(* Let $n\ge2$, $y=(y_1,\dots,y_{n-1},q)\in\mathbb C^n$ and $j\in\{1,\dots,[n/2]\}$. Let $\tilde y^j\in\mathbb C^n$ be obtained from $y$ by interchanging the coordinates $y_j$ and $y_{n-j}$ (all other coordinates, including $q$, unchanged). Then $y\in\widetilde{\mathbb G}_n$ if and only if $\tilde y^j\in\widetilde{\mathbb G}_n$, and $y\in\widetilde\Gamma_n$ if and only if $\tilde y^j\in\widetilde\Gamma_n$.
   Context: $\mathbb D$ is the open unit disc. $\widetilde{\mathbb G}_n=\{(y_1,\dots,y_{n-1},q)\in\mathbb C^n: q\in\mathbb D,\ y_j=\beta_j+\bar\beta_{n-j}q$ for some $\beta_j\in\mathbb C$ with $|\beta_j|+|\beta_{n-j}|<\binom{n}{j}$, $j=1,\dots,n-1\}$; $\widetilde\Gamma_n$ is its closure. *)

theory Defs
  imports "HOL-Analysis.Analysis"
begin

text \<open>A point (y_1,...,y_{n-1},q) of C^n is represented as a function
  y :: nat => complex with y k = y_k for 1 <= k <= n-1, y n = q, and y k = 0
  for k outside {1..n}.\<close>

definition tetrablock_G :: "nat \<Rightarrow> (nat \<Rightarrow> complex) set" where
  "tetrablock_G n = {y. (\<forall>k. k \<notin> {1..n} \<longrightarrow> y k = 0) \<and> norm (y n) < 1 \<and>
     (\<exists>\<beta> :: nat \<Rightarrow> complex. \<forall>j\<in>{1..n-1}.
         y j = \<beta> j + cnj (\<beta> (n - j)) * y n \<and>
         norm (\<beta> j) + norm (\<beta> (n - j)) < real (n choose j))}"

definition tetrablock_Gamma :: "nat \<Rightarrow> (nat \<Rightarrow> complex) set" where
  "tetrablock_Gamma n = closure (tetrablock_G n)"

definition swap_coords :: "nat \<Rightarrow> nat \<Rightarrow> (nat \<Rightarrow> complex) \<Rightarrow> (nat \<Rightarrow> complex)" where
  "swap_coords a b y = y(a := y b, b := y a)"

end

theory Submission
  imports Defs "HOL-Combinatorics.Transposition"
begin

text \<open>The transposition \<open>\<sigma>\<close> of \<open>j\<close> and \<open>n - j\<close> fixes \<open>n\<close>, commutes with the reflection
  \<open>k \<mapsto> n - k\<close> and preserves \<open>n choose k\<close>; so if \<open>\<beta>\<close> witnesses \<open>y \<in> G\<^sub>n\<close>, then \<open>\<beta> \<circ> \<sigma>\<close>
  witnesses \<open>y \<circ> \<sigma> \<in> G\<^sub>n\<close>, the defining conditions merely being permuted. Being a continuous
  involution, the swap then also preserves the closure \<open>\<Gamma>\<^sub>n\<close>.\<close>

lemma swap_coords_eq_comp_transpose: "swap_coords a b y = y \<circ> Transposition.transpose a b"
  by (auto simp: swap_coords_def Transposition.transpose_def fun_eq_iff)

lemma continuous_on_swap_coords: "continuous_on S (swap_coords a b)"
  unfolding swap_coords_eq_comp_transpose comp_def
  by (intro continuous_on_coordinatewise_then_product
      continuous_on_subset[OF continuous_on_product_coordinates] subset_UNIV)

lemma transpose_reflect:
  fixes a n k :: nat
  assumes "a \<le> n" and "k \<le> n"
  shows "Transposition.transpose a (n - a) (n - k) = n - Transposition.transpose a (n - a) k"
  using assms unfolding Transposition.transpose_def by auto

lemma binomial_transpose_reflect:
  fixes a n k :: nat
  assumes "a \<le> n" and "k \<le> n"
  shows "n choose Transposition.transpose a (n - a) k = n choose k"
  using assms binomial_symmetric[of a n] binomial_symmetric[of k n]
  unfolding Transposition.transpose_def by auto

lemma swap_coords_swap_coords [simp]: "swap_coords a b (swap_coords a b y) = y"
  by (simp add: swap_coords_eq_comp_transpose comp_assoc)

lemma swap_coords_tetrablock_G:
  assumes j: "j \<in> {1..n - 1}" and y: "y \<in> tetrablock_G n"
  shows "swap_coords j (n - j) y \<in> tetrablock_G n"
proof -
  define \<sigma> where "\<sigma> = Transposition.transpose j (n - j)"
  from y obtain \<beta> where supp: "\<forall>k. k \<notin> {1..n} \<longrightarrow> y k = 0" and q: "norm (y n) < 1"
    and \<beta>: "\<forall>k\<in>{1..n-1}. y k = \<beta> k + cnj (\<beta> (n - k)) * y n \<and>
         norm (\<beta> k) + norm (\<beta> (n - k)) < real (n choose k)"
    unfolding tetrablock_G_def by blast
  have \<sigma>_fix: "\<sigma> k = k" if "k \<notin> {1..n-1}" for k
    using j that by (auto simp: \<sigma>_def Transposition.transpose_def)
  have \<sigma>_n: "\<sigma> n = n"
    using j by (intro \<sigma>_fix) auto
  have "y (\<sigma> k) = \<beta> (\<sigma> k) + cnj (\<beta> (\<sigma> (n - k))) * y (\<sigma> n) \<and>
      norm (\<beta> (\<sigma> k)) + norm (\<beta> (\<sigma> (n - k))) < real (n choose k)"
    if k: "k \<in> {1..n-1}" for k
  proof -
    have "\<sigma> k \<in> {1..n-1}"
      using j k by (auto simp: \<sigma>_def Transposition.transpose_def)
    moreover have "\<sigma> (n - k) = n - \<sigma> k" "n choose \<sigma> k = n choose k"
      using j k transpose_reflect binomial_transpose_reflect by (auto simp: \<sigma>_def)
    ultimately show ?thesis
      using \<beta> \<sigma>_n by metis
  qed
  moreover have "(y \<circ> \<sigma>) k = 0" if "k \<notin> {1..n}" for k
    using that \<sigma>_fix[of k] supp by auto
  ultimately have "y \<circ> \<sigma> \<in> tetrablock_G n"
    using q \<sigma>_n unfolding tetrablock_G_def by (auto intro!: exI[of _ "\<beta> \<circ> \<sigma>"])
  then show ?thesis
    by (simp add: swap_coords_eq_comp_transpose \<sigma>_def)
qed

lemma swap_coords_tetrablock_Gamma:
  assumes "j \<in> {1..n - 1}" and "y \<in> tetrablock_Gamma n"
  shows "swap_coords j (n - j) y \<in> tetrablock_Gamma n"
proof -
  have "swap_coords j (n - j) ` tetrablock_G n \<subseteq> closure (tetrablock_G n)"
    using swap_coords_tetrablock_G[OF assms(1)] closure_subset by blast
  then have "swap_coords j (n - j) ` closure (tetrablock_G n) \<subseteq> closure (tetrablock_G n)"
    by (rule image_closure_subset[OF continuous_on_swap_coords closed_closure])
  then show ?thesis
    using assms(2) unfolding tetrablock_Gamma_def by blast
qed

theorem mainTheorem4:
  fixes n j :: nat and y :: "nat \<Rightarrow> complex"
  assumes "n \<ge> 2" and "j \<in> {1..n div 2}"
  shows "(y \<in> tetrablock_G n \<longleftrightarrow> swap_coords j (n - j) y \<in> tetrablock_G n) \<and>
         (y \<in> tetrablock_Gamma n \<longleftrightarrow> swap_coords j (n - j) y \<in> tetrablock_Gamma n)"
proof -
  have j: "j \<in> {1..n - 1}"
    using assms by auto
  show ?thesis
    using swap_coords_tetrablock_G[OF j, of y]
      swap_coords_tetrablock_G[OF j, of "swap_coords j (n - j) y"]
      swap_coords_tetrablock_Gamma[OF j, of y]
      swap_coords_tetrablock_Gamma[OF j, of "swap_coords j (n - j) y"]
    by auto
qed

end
^^^^
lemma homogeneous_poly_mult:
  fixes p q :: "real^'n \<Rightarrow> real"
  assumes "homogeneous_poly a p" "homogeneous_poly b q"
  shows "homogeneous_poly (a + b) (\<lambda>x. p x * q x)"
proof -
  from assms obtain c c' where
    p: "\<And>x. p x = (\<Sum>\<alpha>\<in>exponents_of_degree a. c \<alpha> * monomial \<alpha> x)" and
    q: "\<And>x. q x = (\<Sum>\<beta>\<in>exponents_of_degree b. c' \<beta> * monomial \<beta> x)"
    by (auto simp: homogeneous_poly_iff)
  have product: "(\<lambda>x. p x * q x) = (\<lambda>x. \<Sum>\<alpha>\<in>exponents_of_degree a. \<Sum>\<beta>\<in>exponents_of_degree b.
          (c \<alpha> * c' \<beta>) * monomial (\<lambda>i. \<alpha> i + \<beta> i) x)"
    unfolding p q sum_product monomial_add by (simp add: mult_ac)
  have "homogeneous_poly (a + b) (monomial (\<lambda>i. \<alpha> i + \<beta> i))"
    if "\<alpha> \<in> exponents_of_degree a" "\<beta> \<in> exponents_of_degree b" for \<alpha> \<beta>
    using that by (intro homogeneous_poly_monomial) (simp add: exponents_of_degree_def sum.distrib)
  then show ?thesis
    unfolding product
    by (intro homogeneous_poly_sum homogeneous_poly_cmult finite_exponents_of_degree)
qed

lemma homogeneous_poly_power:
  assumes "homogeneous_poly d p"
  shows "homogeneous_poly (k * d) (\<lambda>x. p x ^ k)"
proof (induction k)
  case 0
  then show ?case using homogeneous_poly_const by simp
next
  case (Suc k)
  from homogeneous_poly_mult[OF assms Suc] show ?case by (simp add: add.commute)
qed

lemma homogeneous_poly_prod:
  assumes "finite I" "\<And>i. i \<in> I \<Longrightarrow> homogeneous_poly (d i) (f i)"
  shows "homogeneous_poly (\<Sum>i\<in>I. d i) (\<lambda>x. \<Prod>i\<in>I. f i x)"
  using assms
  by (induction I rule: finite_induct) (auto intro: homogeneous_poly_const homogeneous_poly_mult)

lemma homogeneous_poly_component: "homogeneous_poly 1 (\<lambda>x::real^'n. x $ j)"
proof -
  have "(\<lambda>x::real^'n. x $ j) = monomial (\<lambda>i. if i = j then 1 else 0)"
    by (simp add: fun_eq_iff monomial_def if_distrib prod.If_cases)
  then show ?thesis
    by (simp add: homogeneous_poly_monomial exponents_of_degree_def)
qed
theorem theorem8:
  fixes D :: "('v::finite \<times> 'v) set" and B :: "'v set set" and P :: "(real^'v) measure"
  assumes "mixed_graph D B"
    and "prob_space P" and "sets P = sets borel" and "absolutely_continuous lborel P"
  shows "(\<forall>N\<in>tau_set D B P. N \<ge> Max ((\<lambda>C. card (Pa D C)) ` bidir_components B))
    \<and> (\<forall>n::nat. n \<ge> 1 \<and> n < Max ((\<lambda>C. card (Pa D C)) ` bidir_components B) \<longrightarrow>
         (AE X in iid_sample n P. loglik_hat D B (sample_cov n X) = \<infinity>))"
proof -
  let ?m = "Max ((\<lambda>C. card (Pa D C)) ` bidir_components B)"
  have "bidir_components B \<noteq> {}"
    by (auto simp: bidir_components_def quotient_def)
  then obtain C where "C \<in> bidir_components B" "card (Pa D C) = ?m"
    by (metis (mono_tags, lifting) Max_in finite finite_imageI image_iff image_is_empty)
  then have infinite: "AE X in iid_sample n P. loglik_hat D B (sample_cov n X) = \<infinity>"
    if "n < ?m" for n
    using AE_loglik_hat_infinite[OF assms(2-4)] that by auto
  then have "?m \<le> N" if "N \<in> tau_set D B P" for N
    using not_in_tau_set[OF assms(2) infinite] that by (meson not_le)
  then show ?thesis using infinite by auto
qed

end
^^^^
* [What needs to be done] Counting only lines that hold the word "notin", state how many there are in the data. Write the number alone.

* [Response area] 4